WORK TO COMPLETE: Begin at the line containing "Conversely, if x" in the entries below and end at the line containing "N^u(x) to 1"; transcribe that range exactly and nothing outside it.

TASK MATERIAL:
(* Let $G$ be a graph without isolated vertices and $T$ a solution counting decision tree for $\varphi(G)$. Let $u$ be a node of $T$ labelled by a variable $x$ that is not forced to $1$ by $A_u$. Then the weight of the outgoing edge of $u$ labelled $\neg x$ is between $(1/2)^{|N^u(x)|+1}$ and $1/2$, and the weight of the outgoing edge of $u$ labelled $x$ is between $1/2$ and $1-(1/2)^{|N^u(x)|+1}$.
   Context: $\varphi(G)$ is the CNF on variables $V(G)$ with clauses $(u\vee v)$ for $\{u,v\}\in E(G)$. Boolean functions are identified with their sets of satisfying assignments (sets of literals); $F|_S$ is the function on the remaining variables whose satisfying assignments are the $S'$ with $S\cup S'$ satisfying $F$; $|\cdot|$ counts satisfying assignments. Decision tree for $F$ (not constant false): root labelled by some $x\in Var(F)$; for each literal $\ell\in\{x,\neg x\}$ occurring in some satisfying assignment, an outgoing edge labelled $\ell$ whose head is a leaf if $|Var(F)|=1$ and otherwise the root of a decision tree for $F|_\ell$. A solution counting decision tree additionally gives the edge leaving node $w$ with label $\ell$ the weight $|F|_{A_w\cup\{\ell\}}|/|F|_{A_w}|$, where $A_w$ is the set of literals labelling the root-$w$ path. A variable $y$ is forced to $1$ by $A_u$ if some neighbour $z$ of $y$ in $G$ has $\neg z\in A_u$. $N^u(y)$ is the set of neighbours $z$ of $y$ that do not occur in $A_u$ and are not forced to $1$ by $A_u$. *)

theory Defs
  imports Complex_Main
begin

datatype 'a lit = Pos 'a | Neg 'a

fun lvar :: "'a lit \<Rightarrow> 'a" where
  "lvar (Pos x) = x" | "lvar (Neg x) = x"

definition litvars :: "'a lit set \<Rightarrow> 'a set" where
  "litvars S = lvar ` S"

definition is_assignment :: "'a set \<Rightarrow> 'a lit set \<Rightarrow> bool" where
  "is_assignment X S \<longleftrightarrow> litvars S \<subseteq> X \<and>
     (\<forall>x\<in>X. (Pos x \<in> S) \<noteq> (Neg x \<in> S))"

text \<open>A Boolean function: its variable set together with its set of
  satisfying assignments.\<close>
type_synonym 'a bfun = "'a set \<times> 'a lit set set"

definition Var :: "'a bfun \<Rightarrow> 'a set" where "Var F = fst F"
definition Sat :: "'a bfun \<Rightarrow> 'a lit set set" where "Sat F = snd F"

definition restrict :: "'a bfun \<Rightarrow> 'a lit set \<Rightarrow> 'a bfun" where
  "restrict F S = (Var F - litvars S,
     {S'. is_assignment (Var F - litvars S) S' \<and> S \<union> S' \<in> Sat F})"

definition count :: "'a bfun \<Rightarrow> nat" where
  "count F = card (Sat F)"

definition simple_graph :: "'a set \<Rightarrow> 'a set set \<Rightarrow> bool" where
  "simple_graph V E \<longleftrightarrow> finite V \<and>
     (\<forall>e\<in>E. \<exists>u v. e = {u, v} \<and> u \<noteq> v \<and> u \<in> V \<and> v \<in> V)"

definition no_isolated :: "'a set \<Rightarrow> 'a set set \<Rightarrow> bool" where
  "no_isolated V E \<longleftrightarrow> (\<forall>v\<in>V. \<exists>e\<in>E. v \<in> e)"

definition phi :: "'a set \<Rightarrow> 'a set set \<Rightarrow> 'a bfun" where
  "phi V E = (V, {S. is_assignment V S \<and> (\<forall>e\<in>E. \<exists>v\<in>e. Pos v \<in> S)})"

text \<open>Node x cp cn: node labelled by variable x; cp is the (optional) child
  along the edge labelled x, cn the (optional) child along the edge labelled
  \<not>x.  Leaf is a leaf.\<close>
datatype 'a dtree = Leaf | Node 'a "'a dtree option" "'a dtree option"

inductive is_dtree :: "'a bfun \<Rightarrow> 'a dtree \<Rightarrow> bool" where
  "\<lbrakk> Sat F \<noteq> {}; x \<in> Var F;
     cp \<noteq> None \<longleftrightarrow> (\<exists>S\<in>Sat F. Pos x \<in> S);
     cn \<noteq> None \<longleftrightarrow> (\<exists>S\<in>Sat F. Neg x \<in> S);
     \<forall>t. cp = Some t \<longrightarrow>
        (card (Var F) = 1 \<longrightarrow> t = Leaf) \<and>
        (card (Var F) \<noteq> 1 \<longrightarrow> is_dtree (restrict F {Pos x}) t);
     \<forall>t. cn = Some t \<longrightarrow>
        (card (Var F) = 1 \<longrightarrow> t = Leaf) \<and>
        (card (Var F) \<noteq> 1 \<longrightarrow> is_dtree (restrict F {Neg x}) t) \<rbrakk>
   \<Longrightarrow> is_dtree F (Node x cp cn)"

text \<open>node_at T A w: w is (the subtree rooted at) a node of T reached from the
  root along a path whose edge labels form the literal set A (= A_w).\<close>
inductive node_at :: "'a dtree \<Rightarrow> 'a lit set \<Rightarrow> 'a dtree \<Rightarrow> bool" where
  root: "node_at T {} T"
| pos: "\<lbrakk> node_at T A (Node x cp cn); cp = Some t \<rbrakk> \<Longrightarrow> node_at T (A \<union> {Pos x}) t"
| neg: "\<lbrakk> node_at T A (Node x cp cn); cn = Some t \<rbrakk> \<Longrightarrow> node_at T (A \<union> {Neg x}) t"

text \<open>Weight of the edge leaving a node w (with path literals A = A_w)
  labelled l, in the solution counting decision tree for F.\<close>
definition edge_weight :: "'a bfun \<Rightarrow> 'a lit set \<Rightarrow> 'a lit \<Rightarrow> real" where
  "edge_weight F A l = real (count (restrict F (A \<union> {l}))) / real (count (restrict F A))"

definition forced1 :: "'a set set \<Rightarrow> 'a lit set \<Rightarrow> 'a \<Rightarrow> bool" where
  "forced1 E A y \<longleftrightarrow> (\<exists>z. {y, z} \<in> E \<and> Neg z \<in> A)"

definition Nu :: "'a set set \<Rightarrow> 'a lit set \<Rightarrow> 'a \<Rightarrow> 'a set" where
  "Nu E A y = {z. {y, z} \<in> E \<and> z \<notin> litvars A \<and> \<not> forced1 E A z}"

end

theory Submission imports Defs begin

text \<open>Let P and N be the satisfying assignments of phi(G) restricted to A_u that set x to 1
  and to 0.  Since phi(G) is monotone, setting x to 1 maps N injectively into P, so |N| \<le> |P|.
  Conversely, if x is set to 0, every neighbour of x must be 1; setting x to 0 and all of
  N^u(x) to 1 maps P into N, and since neighbours of x outside N^u(x) are already 1 (either
  fixed by A_u or forced), at most 2^|N^u(x)| elements of P share an image.  Hence
  |N| \<le> |P| \<le> 2^|N^u(x)| |N|, which gives the bounds on |N|/(|P| + |N|) and |P|/(|P| + |N|).\<close>

lemma litvars_simps [simp]:
  "litvars (A \<union> B) = litvars A \<union> litvars B"
  "litvars (insert l B) = insert (lvar l) (litvars B)"
  "litvars {} = {}"
  by (auto simp: litvars_def)

lemma is_assignment_lvar: "is_assignment W S \<Longrightarrow> l \<in> S \<Longrightarrow> lvar l \<in> W"
  unfolding is_assignment_def litvars_def by blast

lemma is_assignment_Pos_neq_Neg:
  "is_assignment W S \<Longrightarrow> y \<in> W \<Longrightarrow> (Pos y \<in> S) \<noteq> (Neg y \<in> S)"
  unfolding is_assignment_def by blast

lemma is_assignment_eqI:
  assumes "is_assignment W S1" "is_assignment W S2"
    and "\<And>y. y \<in> W \<Longrightarrow> Pos y \<in> S1 \<longleftrightarrow> Pos y \<in> S2"
  shows "S1 = S2"
  using assms unfolding is_assignment_def litvars_def image_subset_iff
  by (metis lit.exhaust lvar.simps subsetI subset_antisym)

lemma is_assignment_insert:
  assumes "lvar l \<in> W" "is_assignment (W - {lvar l}) S"
  shows "is_assignment W (insert l S)"
proof -
  have vS: "\<forall>m\<in>S. lvar m \<in> W \<and> lvar m \<noteq> lvar l"
    using assms(2) unfolding is_assignment_def litvars_def by auto
  have c: "\<forall>y\<in>W - {lvar l}. (Pos y \<in> S) \<noteq> (Neg y \<in> S)"
    using assms(2) unfolding is_assignment_def by auto
  show ?thesis unfolding is_assignment_def litvars_def
  proof (intro conjI ballI)
    show "lvar ` insert l S \<subseteq> W" using vS assms(1) by auto
    fix y assume "y \<in> W"
    then show "(Pos y \<in> insert l S) \<noteq> (Neg y \<in> insert l S)"
      using vS c by (cases "y = lvar l"; cases l) force+
  qed
qed

lemma is_assignment_remove:
  assumes "is_assignment W S" "l \<in> S"
  shows "is_assignment (W - {lvar l}) (S - {l})"
proof -
  have vS: "\<forall>m\<in>S. lvar m \<in> W" using assms(1) unfolding is_assignment_def litvars_def by auto
  have c: "\<forall>y\<in>W. (Pos y \<in> S) \<noteq> (Neg y \<in> S)" using assms(1) unfolding is_assignment_def by auto
  have unique: "m = l" if "m \<in> S" "lvar m = lvar l" for m
  proof -
    have "lvar l \<in> W" using vS assms(2) by auto
    then show ?thesis using c that assms(2) by (cases m; cases l) auto
  qed
  show ?thesis unfolding is_assignment_def litvars_def
  proof (intro conjI ballI)
    show "lvar ` (S - {l}) \<subseteq> W - {lvar l}" using vS unique by auto
    fix y assume y: "y \<in> W - {lvar l}"
    then have "Pos y \<noteq> l" "Neg y \<noteq> l" by auto
    then show "(Pos y \<in> S - {l}) \<noteq> (Neg y \<in> S - {l})" using c y by auto
  qed
qed

lemma finite_assignments:
  assumes "finite W"
  shows "finite {S. is_assignment W S}"
proof -
  have "l \<in> Pos ` W \<union> Neg ` W" if "is_assignment W S" "l \<in> S" for S l
    using is_assignment_lvar[OF that] by (cases l) auto
  then have "{S. is_assignment W S} \<subseteq> Pow (Pos ` W \<union> Neg ` W)" by blast
  then show ?thesis using assms by (simp add: finite_subset)
qed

YOUR SOLUTION:
  Conversely, if x is set to 0, every neighbour of x must be 1; setting x to 0 and all of
  N^u(x) to 1 maps P into N, and since neighbours of x outside N^u(x) are already 1 (either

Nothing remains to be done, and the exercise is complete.